## GOAL OF THE EXERCISE
Set down exactly the lines below, starting at the one that contains "set) = Abs_idx" and ending at the one that contains "using le by", with both of those lines included and nothing else.

## SOURCE MATERIAL
definition quiver_acyclic :: "('k::field \<Rightarrow> 'a::ring_1 \<Rightarrow> 'a) \<Rightarrow> nat \<Rightarrow> (nat \<Rightarrow> 'a) \<Rightarrow> bool" where
  "quiver_acyclic sc n e \<longleftrightarrow>
     (\<forall>i. (i, i) \<notin> {(i, j). quiver_arrow sc n e i j}\<^sup>+)"

definition Der0 :: "('k::field \<Rightarrow> 'a::ring_1 \<Rightarrow> 'a) \<Rightarrow> nat \<Rightarrow> (nat \<Rightarrow> 'a) \<Rightarrow> ('a \<Rightarrow> 'a) set" where
  "Der0 sc n e = {d. Vector_Spaces.linear sc sc d \<and>
      (\<forall>a b. d (a * b) = d a * b + a * d b) \<and> (\<forall>i<n. d (e i) = 0)}"

definition Esub :: "('k::field \<Rightarrow> 'a::ring_1 \<Rightarrow> 'a) \<Rightarrow> nat \<Rightarrow> (nat \<Rightarrow> 'a) \<Rightarrow> 'a set" where
  "Esub sc n e = module.span sc (e ` {..<n})"

definition Int0 :: "('k::field \<Rightarrow> 'a::ring_1 \<Rightarrow> 'a) \<Rightarrow> nat \<Rightarrow> (nat \<Rightarrow> 'a) \<Rightarrow> ('a \<Rightarrow> 'a) set" where
  "Int0 sc n e = {(\<lambda>a. x * a - a * x) | x. x \<in> Esub sc n e}"

definition HH1_rel :: "('k::field \<Rightarrow> 'a::ring_1 \<Rightarrow> 'a) \<Rightarrow> nat \<Rightarrow> (nat \<Rightarrow> 'a) \<Rightarrow> (('a \<Rightarrow> 'a) \<times> ('a \<Rightarrow> 'a)) set" where
  "HH1_rel sc n e = {(d, d'). d \<in> Der0 sc n e \<and> d' \<in> Der0 sc n e \<and>
                                  (\<lambda>a. d a - d' a) \<in> Int0 sc n e}"

definition HH1 :: "('k::field \<Rightarrow> 'a::ring_1 \<Rightarrow> 'a) \<Rightarrow> nat \<Rightarrow> (nat \<Rightarrow> 'a) \<Rightarrow> ('a \<Rightarrow> 'a) set set" where
  "HH1 sc n e = Der0 sc n e // HH1_rel sc n e"

definition HH1_class :: "('k::field \<Rightarrow> 'a::ring_1 \<Rightarrow> 'a) \<Rightarrow> nat \<Rightarrow> (nat \<Rightarrow> 'a) \<Rightarrow> ('a \<Rightarrow> 'a) \<Rightarrow> ('a \<Rightarrow> 'a) set" where
  "HH1_class sc n e d = HH1_rel sc n e `` {d}"

definition HH1_zero :: "('k::field \<Rightarrow> 'a::ring_1 \<Rightarrow> 'a) \<Rightarrow> nat \<Rightarrow> (nat \<Rightarrow> 'a) \<Rightarrow> ('a \<Rightarrow> 'a) set" where
  "HH1_zero sc n e = HH1_class sc n e (\<lambda>_. 0)"

text \<open>Lie bracket induced by the commutator bracket on Der_0 (computed on chosen representatives).\<close>
definition HH1_bracket :: "('k::field \<Rightarrow> 'a::ring_1 \<Rightarrow> 'a) \<Rightarrow> nat \<Rightarrow> (nat \<Rightarrow> 'a) \<Rightarrow>
    ('a \<Rightarrow> 'a) set \<Rightarrow> ('a \<Rightarrow> 'a) set \<Rightarrow> ('a \<Rightarrow> 'a) set" where
  "HH1_bracket sc n e f g =
     (let d = (SOME d. d \<in> f); d' = (SOME d'. d' \<in> g)
      in HH1_class sc n e (\<lambda>a. d (d' a) - d' (d a)))"

definition is_vs_basis :: "('k::field \<Rightarrow> 'a::ring_1 \<Rightarrow> 'a) \<Rightarrow> 'a set \<Rightarrow> bool" where
  "is_vs_basis sc B \<longleftrightarrow> module.independent sc B \<and> module.span sc B = UNIV"

definition diagonal_wrt :: "('k::field \<Rightarrow> 'a::ring_1 \<Rightarrow> 'a) \<Rightarrow> ('a \<Rightarrow> 'a) \<Rightarrow> 'a set \<Rightarrow> bool" where
  "diagonal_wrt sc d B \<longleftrightarrow> (\<forall>b\<in>B. \<exists>c. d b = sc c b)"

definition diagonalizable_map :: "('k::field \<Rightarrow> 'a::ring_1 \<Rightarrow> 'a) \<Rightarrow> ('a \<Rightarrow> 'a) \<Rightarrow> bool" where
  "diagonalizable_map sc d \<longleftrightarrow> (\<exists>B. is_vs_basis sc B \<and> diagonal_wrt sc d B)"

definition algebra_basis :: "('k::field \<Rightarrow> 'a::ring_1 \<Rightarrow> 'a) \<Rightarrow> nat \<Rightarrow> (nat \<Rightarrow> 'a) \<Rightarrow> 'a set \<Rightarrow> bool" where
  "algebra_basis sc n e B \<longleftrightarrow> is_vs_basis sc B \<and>
     B \<subseteq> (\<Union>i<n. \<Union>j<n. {e j * a * e i | a. True}) \<and>
     e ` {..<n} \<subseteq> B \<and> B - e ` {..<n} \<subseteq> radical"

definition HH1_diagonalizable :: "('k::field \<Rightarrow> 'a::ring_1 \<Rightarrow> 'a) \<Rightarrow> ('a \<Rightarrow> 'a) set \<Rightarrow> bool" where
  "HH1_diagonalizable sc f \<longleftrightarrow> (\<exists>d\<in>f. diagonalizable_map sc d)"

definition HH1_diagonal_wrt :: "('k::field \<Rightarrow> 'a::ring_1 \<Rightarrow> 'a) \<Rightarrow> ('a \<Rightarrow> 'a) set \<Rightarrow> 'a set \<Rightarrow> bool" where
  "HH1_diagonal_wrt sc f B \<longleftrightarrow> (\<exists>d\<in>f. diagonal_wrt sc d B)"

definition HH1_set_diagonalizable :: "('k::field \<Rightarrow> 'a::ring_1 \<Rightarrow> 'a) \<Rightarrow> nat \<Rightarrow> (nat \<Rightarrow> 'a) \<Rightarrow>
    ('a \<Rightarrow> 'a) set set \<Rightarrow> bool" where
  "HH1_set_diagonalizable sc n e D \<longleftrightarrow>
     (\<exists>B. algebra_basis sc n e B \<and> (\<forall>f\<in>D. HH1_diagonal_wrt sc f B))"

end

theory Submission
  imports Defs
begin

(*
  Since the quiver has no oriented cycles, the radical filtration shows e_i A e_i = k e_i, and
  basicness puts every e_j A e_i with j \<noteq> i into the radical; so A is the direct sum of its
  corners e_j A e_i, the diagonal ones spanned by the e_i.

  Derivations that are diagonal in a common basis commute, which gives one direction. For the
  other, take diagonalizable representatives d, d' of elements of D. A vanishing bracket means
  [d, d'] = ad x with x in E, and ad x acts on e_j A e_i as a scalar \<mu>. If \<mu> \<noteq> 0, then d'
  sends an eigenvector of d in e_j A e_i to a generalized, hence genuine, eigenvector, which
  forces e_j A e_i = 0. So the representatives commute; as they preserve every corner, each
  off-diagonal corner has a common eigenbasis, and these bases together with the e_i form a
  basis of A in the required sense.
*)

definition nilpotent :: "'a::ring_1 \<Rightarrow> bool" where
  "nilpotent x \<longleftrightarrow> (\<exists>m. x ^ m = 0)"

lemma geometric_sum_mult_one_minus:
  fixes z :: "'a::ring_1"
  shows "(\<Sum>k<m. z ^ k) * (1 - z) = 1 - z ^ m"
proof (induction m)
  case (Suc m)
  have "(\<Sum>k<Suc m. z ^ k) * (1 - z) = 1 - z ^ m + z ^ m * (1 - z)"
    using Suc by (simp add: distrib_right)
  also have "\<dots> = 1 - z ^ Suc m" by (simp add: algebra_simps power_Suc2 power_commutes)
  finally show ?case .
qed simp

lemma nilpotent_imp_left_invertible_one_minus:
  fixes z :: "'a::ring_1"
  assumes "nilpotent z"
  shows "\<exists>u. u * (1 - z) = 1"
proof -
  obtain m where "z ^ m = 0" using assms unfolding nilpotent_def by blast
  then show ?thesis using geometric_sum_mult_one_minus[of z m] by auto
qed
(* Let $\theta\geq\sigma>0$, $n\geq 1$, $M\ge 1$, $\Upsilon>0$. Then $$\epsilon_{\mathrm{m}}^{\star}(n,M,\Upsilon)\;\geq\;\alpha_{1/M}\bigl(\varphi^n_{\sqrt{\Upsilon},\sigma},\varphi^n_{0,\theta}\bigr).$$
   Context: $\varphi_{\mu,\sigma}(y)=\frac{1}{\sqrt{2\pi}\sigma}e^{-(y-\mu)^2/(2\sigma^2)}$ and $\varphi^n_{\mu,\sigma}$ denotes the distribution on $\mathbb{R}^n$ of $n$ i.i.d. $\mathcal{N}(\mu,\sigma^2)$ coordinates. For distributions $A,B$ on a common space $\mathcal{Z}$ and $\beta\in[0,1]$, $\alpha_\beta(A,B)=\inf\{1-\mathbb{E}_A[T(Z)]:\ T:\mathcal{Z}\to[0,1]\text{ measurable},\ \mathbb{E}_B[T(Z)]\le\beta\}$. AWGN channel with noise variance $\sigma^2$: input $\mathbf{x}\in\mathbb{R}^n$, output density $\prod_i\varphi_{x_i,\sigma}(y_i)$. For a codebook $\mathcal{C}=\{\mathbf{c}_1,\dots,\mathbf{c}_M\}\subset\mathbb{R}^n$ with uniformly distributed message and maximum-likelihood decoding, $P_e(\mathcal{C})$ is the average error probability. $\epsilon_{\mathrm{m}}^{\star}(n,M,\Upsilon)=\inf\{P_e(\mathcal{C}):\|\mathbf{c}_i\|^2\le n\Upsilon\ \forall i\}$. *)

theory Defs
  imports "HOL-Probability.Probability"
begin

definition gauss_vec_density :: "real \<Rightarrow> real \<Rightarrow> real ^ 'n \<Rightarrow> real" where
  "gauss_vec_density \<mu> \<sigma> y = (\<Prod>i\<in>UNIV. normal_density \<mu> \<sigma> (y $ i))"

definition gauss_vec :: "real \<Rightarrow> real \<Rightarrow> (real ^ 'n) measure" where
  "gauss_vec \<mu> \<sigma> = density lborel (\<lambda>y. ennreal (gauss_vec_density \<mu> \<sigma> y))"

definition alpha_beta :: "real \<Rightarrow> 'a measure \<Rightarrow> 'a measure \<Rightarrow> real" where
  "alpha_beta \<beta> A B = Inf {1 - integral\<^sup>L A T | T.
      T \<in> borel_measurable A \<and> sets B = sets A \<and> (\<forall>z \<in> space A. 0 \<le> T z \<and> T z \<le> 1)
      \<and> integral\<^sup>L B T \<le> \<beta>}"

definition awgn_lik :: "real \<Rightarrow> real ^ 'n \<Rightarrow> real ^ 'n \<Rightarrow> real" where
  "awgn_lik \<sigma> x y = (\<Prod>i\<in>UNIV. normal_density (x $ i) \<sigma> (y $ i))"

definition ml_decode :: "real \<Rightarrow> nat \<Rightarrow> (nat \<Rightarrow> real ^ 'n) \<Rightarrow> real ^ 'n \<Rightarrow> nat" where
  "ml_decode \<sigma> M c y = (LEAST i. i < M \<and> (\<forall>j<M. awgn_lik \<sigma> (c j) y \<le> awgn_lik \<sigma> (c i) y))"

definition Pe :: "real \<Rightarrow> nat \<Rightarrow> (nat \<Rightarrow> real ^ 'n) \<Rightarrow> real" where
  "Pe \<sigma> M c = (1 / real M) * (\<Sum>i<M.
      measure (density lborel (\<lambda>y. ennreal (awgn_lik \<sigma> (c i) y))) {y. ml_decode \<sigma> M c y \<noteq> i})"

definition eps_m_star :: "'n::finite itself \<Rightarrow> real \<Rightarrow> nat \<Rightarrow> real \<Rightarrow> real" where
  "eps_m_star _ \<sigma> M \<Upsilon> = Inf {Pe \<sigma> M (c :: nat \<Rightarrow> real ^ 'n) | c.
      \<forall>i<M. (norm (c i))\<^sup>2 \<le> real CARD('n) * \<Upsilon>}"

end

theory Submission
  imports Defs "HOL-Analysis.Analysis"
begin

text \<open>
  Put \<open>a = (\<surd>\<Upsilon>, \<dots>, \<surd>\<Upsilon>)\<close>, so that every admissible codeword satisfies \<open>\<parallel>c\<^sub>i\<parallel> \<le> \<parallel>a\<parallel>\<close>.
  Let \<open>R\<^sub>i\<close> be the reflection in the perpendicular bisector of \<open>a\<close> and \<open>c\<^sub>i\<close>: it preserves
  Lebesgue measure and exchanges the half-spaces closer to \<open>a\<close> and closer to \<open>c\<^sub>i\<close>.
  Polarize the indicator of the \<open>i\<close>-th ML decision region along \<open>R\<^sub>i\<close> (on each pair
  \<open>{z, R\<^sub>i z}\<close> put the larger value on the side of \<open>a\<close>) and average over \<open>i\<close>; this gives a
  test \<open>T\<close> with values in \<open>[0,1]\<close>. The density of \<open>N(a, \<sigma>\<^sup>2 I)\<close> is larger on the side
  of \<open>a\<close>, so \<open>E\<^sub>A T\<close> is at least the mean probability of correct decoding, \<open>1 - P\<^sub>e\<close>.
  Because \<open>\<parallel>c\<^sub>i\<parallel> \<le> \<parallel>a\<parallel>\<close>, \<open>R\<^sub>i\<close> moves points on the side of \<open>a\<close> closer to the origin, so the
  density of \<open>N(0, \<theta>\<^sup>2 I)\<close> is smaller there and \<open>E\<^sub>B T \<le> E\<^sub>B (\<Sum>\<^sub>i 1[D\<^sub>i]) / M \<le> 1/M\<close>.
  Hence \<open>T\<close> is admissible for \<open>\<alpha>(1/M)\<close> and \<open>\<alpha>(1/M) \<le> 1 - E\<^sub>A T \<le> P\<^sub>e\<close>.
\<close>

section \<open>Lebesgue measure is invariant under orthogonal maps\<close>

text \<open>
  The library proves this only for index types of class \<open>wellorder\<close>; \<open>'a idx\<close> is a
  wellordered copy of a finite type through which the result is transferred.
\<close>

typedef ('a::finite) idx = "{..<CARD('a)}"
  by (rule exI[of _ 0]) (simp add: finite_UNIV_card_ge_0)

instance idx :: (finite) finite
proof
  have "(UNIV :: 'a idx set) = Abs_idx ` {..<CARD('a)}"
    by (metis Rep_idx_inverse Rep_idx image_eqI UNIV_eq_I)
  then show "finite (UNIV :: 'a idx set)"
    by (metis finite_imageI finite_lessThan)
qed

instantiation idx :: (finite) linorder
begin
definition less_eq_idx :: "'a idx \<Rightarrow> 'a idx \<Rightarrow> bool" where
  "less_eq_idx x y \<longleftrightarrow> Rep_idx x \<le> Rep_idx y"
definition less_idx :: "'a idx \<Rightarrow> 'a idx \<Rightarrow> bool" where
  "less_idx x y \<longleftrightarrow> Rep_idx x < Rep_idx y"
instance
  by standard (auto simp: less_eq_idx_def less_idx_def Rep_idx_inject)
end

instance idx :: (finite) wellorder
proof
  fix P :: "'a idx \<Rightarrow> bool" and x
  assume step: "\<And>x. (\<And>y. y < x \<Longrightarrow> P y) \<Longrightarrow> P x"
  have "\<forall>x. Rep_idx x = n \<longrightarrow> P x" for n
    by (induction n rule: less_induct) (metis step less_idx_def)
  then show "P x" by blast
qed

lemma card_idx: "CARD('a::finite idx) = CARD('a)"
  using type_definition.card[OF type_definition_idx] by simp

lemma inner_prod_Basis_cart: "(\<Prod>b\<in>Basis. x \<bullet> b) = (\<Prod>i\<in>UNIV. x $ i)"
  for x :: "real^'n"
  by (simp add: Basis_vec_def cart_eq_inner_axis axis_eq_axis prod.UNION_disjoint)

lemma distr_lborel_permute_coordinates:
  fixes e :: "'a::finite \<Rightarrow> 'b::finite"
  assumes e: "bij e"
  shows "distr lborel borel (\<lambda>x::real^'a. \<chi> j. x $ inv e j) = (lborel :: (real^'b) measure)"
proof (rule lborel_eqI[symmetric])
  let ?P = "\<lambda>x::real^'a. (\<chi> j. x $ inv e j) :: real^'b"
  have meas: "?P \<in> borel_measurable borel"
    by (intro borel_measurable_continuous_onI continuous_intros)
  fix l u :: "real^'b"
  assume lu: "\<And>b. b \<in> Basis \<Longrightarrow> l \<bullet> b \<le> u \<bullet> b"
  have le: "l $ j \<le> u $ j" for j
    using lu[of "axis j 1"] by (simp add: cart_eq_inner_axis)
  have inv_e: "inv e (e i) = i" "e (inv e j) = j" for i j
    using e by (auto simp: bij_def inv_f_f surj_f_inv_f)
  have "?P -` box l u = box (\<chi> i. l $ e i) (\<chi> i. u $ e i)"
    by (auto simp: mem_box_cart) (metis inv_e)+
  moreover have "b \<in> Basis \<Longrightarrow> (\<chi> i. l $ e i) \<bullet> b \<le> (\<chi> i. u $ e i) \<bullet> b" for b :: "real^'a"
    using le by (auto simp: Basis_vec_def inner_axis)
  ultimately have "emeasure (distr lborel borel ?P) (box l u) = (\<Prod>i\<in>UNIV. u $ e i - l $ e i)"
    using meas by (simp add: emeasure_distr inner_prod_Basis_cart)
  also have "\<dots> = (\<Prod>j\<in>UNIV. u $ j - l $ j)"
    using prod.reindex_bij_betw[of e UNIV UNIV "\<lambda>j. u $ j - l $ j"] e by (simp add: bij_betw_def bij_def)
  finally show "emeasure (distr lborel borel ?P) (box l u) = (\<Prod>b\<in>Basis. (u - l) \<bullet> b)"
    by (simp add: inner_prod_Basis_cart)
qed simp

lemma borel_measurable_linear:
  fixes f :: "'a::euclidean_space \<Rightarrow> 'b::euclidean_space"
  shows "linear f \<Longrightarrow> f \<in> borel_measurable borel"
  by (intro borel_measurable_continuous_onI linear_continuous_on linear_conv_bounded_linear[THEN iffD1])

lemma distr_lborel_orthogonal_transformation_wellorder:
  fixes G :: "real^'n::{finite,wellorder} \<Rightarrow> real^'n::_"
  assumes G: "orthogonal_transformation G"
  shows "distr lborel borel G = lborel"
proof (rule lborel_eqI[symmetric])
  have meas: "G \<in> borel_measurable borel"
    using G by (intro borel_measurable_linear orthogonal_transformation_linear)
  fix l u :: "real^'n::_"
  assume "\<And>b. b \<in> Basis \<Longrightarrow> l \<bullet> b \<le> u \<bullet> b"
  then have "emeasure lborel (box l u) = (\<Prod>b\<in>Basis. (u - l) \<bullet> b)"
    by simp
  moreover have "emeasure (distr lborel borel G) (box l u) = emeasure lborel (box l u)"
  proof -
    have H: "orthogonal_transformation (inv G)"
      using G by (rule orthogonal_transformation_inv)
    have pre: "G -` box l u = inv G ` box l u"
      using G by (simp add: bij_vimage_eq_inv_image orthogonal_transformation_bij)
    have "emeasure (distr lborel borel G) (box l u) = emeasure lebesgue (inv G ` box l u)"
      using meas measurable_sets[OF meas, of "box l u"]
      by (simp add: emeasure_distr emeasure_completion pre[symmetric])
    also have "\<dots> = emeasure lebesgue (box l u)"
      using measurable_orthogonal_image[OF H lmeasurable_box]
        measure_orthogonal_image[OF H lmeasurable_box] lmeasurable_box by (simp add: emeasure_eq_measure2)
    finally show ?thesis
      by (simp add: emeasure_completion)
  qed
  ultimately show "emeasure (distr lborel borel G) (box l u) = (\<Prod>b\<in>Basis. (u - l) \<bullet> b)"
    by simp
qed simp

lemma distr_lborel_orthogonal_transformation:
  fixes G :: "real^'n::finite \<Rightarrow> real^'n"
  assumes G: "orthogonal_transformation G"
  shows "distr lborel borel G = lborel"
proof -
  obtain e :: "'n \<Rightarrow> 'n idx" where e: "bij e"
    using finite_same_card_bij[of "UNIV :: 'n set" "UNIV :: 'n idx set"] card_idx[where 'a='n] by auto
  define \<Phi> where "\<Phi> x = ((\<chi> j. x $ inv e j) :: real^'n idx)" for x :: "real^'n"
  define \<Psi> where "\<Psi> y = ((\<chi> i. y $ e i) :: real^'n)" for y :: "real^'n idx"
  have inv_e: "inv e (e i) = i" "e (inv e j) = j" for i j
    using e by (auto simp: bij_def inv_f_f surj_f_inv_f)
  have \<Phi>\<Psi>: "\<Phi> (\<Psi> y) = y" "\<Psi> (\<Phi> x) = x" for x y
    by (simp_all add: \<Phi>_def \<Psi>_def vec_eq_iff inv_e)
  have lin: "linear \<Phi>" "linear \<Psi>"
    by (rule linearI; simp add: \<Phi>_def \<Psi>_def vec_eq_iff)+
  have inner_\<Phi>: "\<Phi> v \<bullet> \<Phi> w = v \<bullet> w" for v w
    using sum.reindex_bij_betw[of "inv e" UNIV UNIV "\<lambda>i. v $ i * w $ i"] bij_imp_bij_inv[OF e]
    by (simp add: \<Phi>_def inner_vec_def bij_betw_def bij_def)
  have inner_\<Psi>: "\<Psi> v \<bullet> \<Psi> w = v \<bullet> w" for v w
    by (metis \<Phi>\<Psi>(1) inner_\<Phi>)
  have "distr lborel borel \<Phi> = lborel"
    unfolding \<Phi>_def[abs_def] by (rule distr_lborel_permute_coordinates[OF e])
  moreover have "distr lborel borel \<Psi> = lborel"
    using distr_lborel_permute_coordinates[OF bij_imp_bij_inv[OF e]]
    by (simp add: \<Psi>_def[abs_def] inv_inv_eq[OF e])
  moreover have "distr lborel borel (\<Phi> \<circ> G \<circ> \<Psi>) = lborel"
    using G lin by (intro distr_lborel_orthogonal_transformation_wellorder)
      (simp add: orthogonal_transformation_def linear_compose inner_\<Phi> inner_\<Psi>)
  moreover have "G = \<Psi> \<circ> (\<Phi> \<circ> G \<circ> \<Psi>) \<circ> \<Phi>"
    by (simp add: fun_eq_iff \<Phi>\<Psi>)
  moreover have "distr lborel borel (\<Psi> \<circ> (\<Phi> \<circ> G \<circ> \<Psi>) \<circ> \<Phi>)
      = distr (distr (distr lborel borel \<Phi>) borel (\<Phi> \<circ> G \<circ> \<Psi>)) borel \<Psi>"
    using G lin by (simp add: distr_distr comp_assoc borel_measurable_linear linear_compose
        orthogonal_transformation_linear)
  ultimately show ?thesis
    by simp
qed

section \<open>Reflection in the perpendicular bisector\<close>

definition reflect_along :: "'a::real_inner \<Rightarrow> 'a \<Rightarrow> 'a" where
  "reflect_along u v = v - (2 * (v \<bullet> u) / (u \<bullet> u)) *\<^sub>R u"

lemma reflect_along_reflect_along [simp]: "reflect_along u (reflect_along u v) = v"
  by (cases "u = 0") (simp_all add: reflect_along_def inner_diff_left scaleR_diff_left)

lemma reflect_along_eq_self: "v \<bullet> u = 0 \<Longrightarrow> reflect_along u v = v"
  by (simp add: reflect_along_def)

## TASK ANSWER
  have "(UNIV :: 'a idx set) = Abs_idx ` {..<CARD('a)}"
    by (metis Rep_idx_inverse Rep_idx image_eqI UNIV_eq_I)
  then show "finite (UNIV :: 'a idx set)"
    by (metis finite_imageI finite_lessThan)
qed

instantiation idx :: (finite) linorder
begin
definition less_eq_idx :: "'a idx \<Rightarrow> 'a idx \<Rightarrow> bool" where
  "less_eq_idx x y \<longleftrightarrow> Rep_idx x \<le> Rep_idx y"
definition less_idx :: "'a idx \<Rightarrow> 'a idx \<Rightarrow> bool" where
  "less_idx x y \<longleftrightarrow> Rep_idx x < Rep_idx y"
instance
  by standard (auto simp: less_eq_idx_def less_idx_def Rep_idx_inject)
end

instance idx :: (finite) wellorder
proof
  fix P :: "'a idx \<Rightarrow> bool" and x
  assume step: "\<And>x. (\<And>y. y < x \<Longrightarrow> P y) \<Longrightarrow> P x"
  have "\<forall>x. Rep_idx x = n \<longrightarrow> P x" for n
    by (induction n rule: less_induct) (metis step less_idx_def)
  then show "P x" by blast
qed

lemma card_idx: "CARD('a::finite idx) = CARD('a)"
  using type_definition.card[OF type_definition_idx] by simp

lemma inner_prod_Basis_cart: "(\<Prod>b\<in>Basis. x \<bullet> b) = (\<Prod>i\<in>UNIV. x $ i)"
  for x :: "real^'n"
  by (simp add: Basis_vec_def cart_eq_inner_axis axis_eq_axis prod.UNION_disjoint)

lemma distr_lborel_permute_coordinates:
  fixes e :: "'a::finite \<Rightarrow> 'b::finite"
  assumes e: "bij e"
  shows "distr lborel borel (\<lambda>x::real^'a. \<chi> j. x $ inv e j) = (lborel :: (real^'b) measure)"
proof (rule lborel_eqI[symmetric])
  let ?P = "\<lambda>x::real^'a. (\<chi> j. x $ inv e j) :: real^'b"
  have meas: "?P \<in> borel_measurable borel"
    by (intro borel_measurable_continuous_onI continuous_intros)
  fix l u :: "real^'b"
  assume lu: "\<And>b. b \<in> Basis \<Longrightarrow> l \<bullet> b \<le> u \<bullet> b"
  have le: "l $ j \<le> u $ j" for j
    using lu[of "axis j 1"] by (simp add: cart_eq_inner_axis)
  have inv_e: "inv e (e i) = i" "e (inv e j) = j" for i j
    using e by (auto simp: bij_def inv_f_f surj_f_inv_f)
  have "?P -` box l u = box (\<chi> i. l $ e i) (\<chi> i. u $ e i)"
    by (auto simp: mem_box_cart) (metis inv_e)+
  moreover have "b \<in> Basis \<Longrightarrow> (\<chi> i. l $ e i) \<bullet> b \<le> (\<chi> i. u $ e i) \<bullet> b" for b :: "real^'a"
    using le by (auto simp: Basis_vec_def inner_axis)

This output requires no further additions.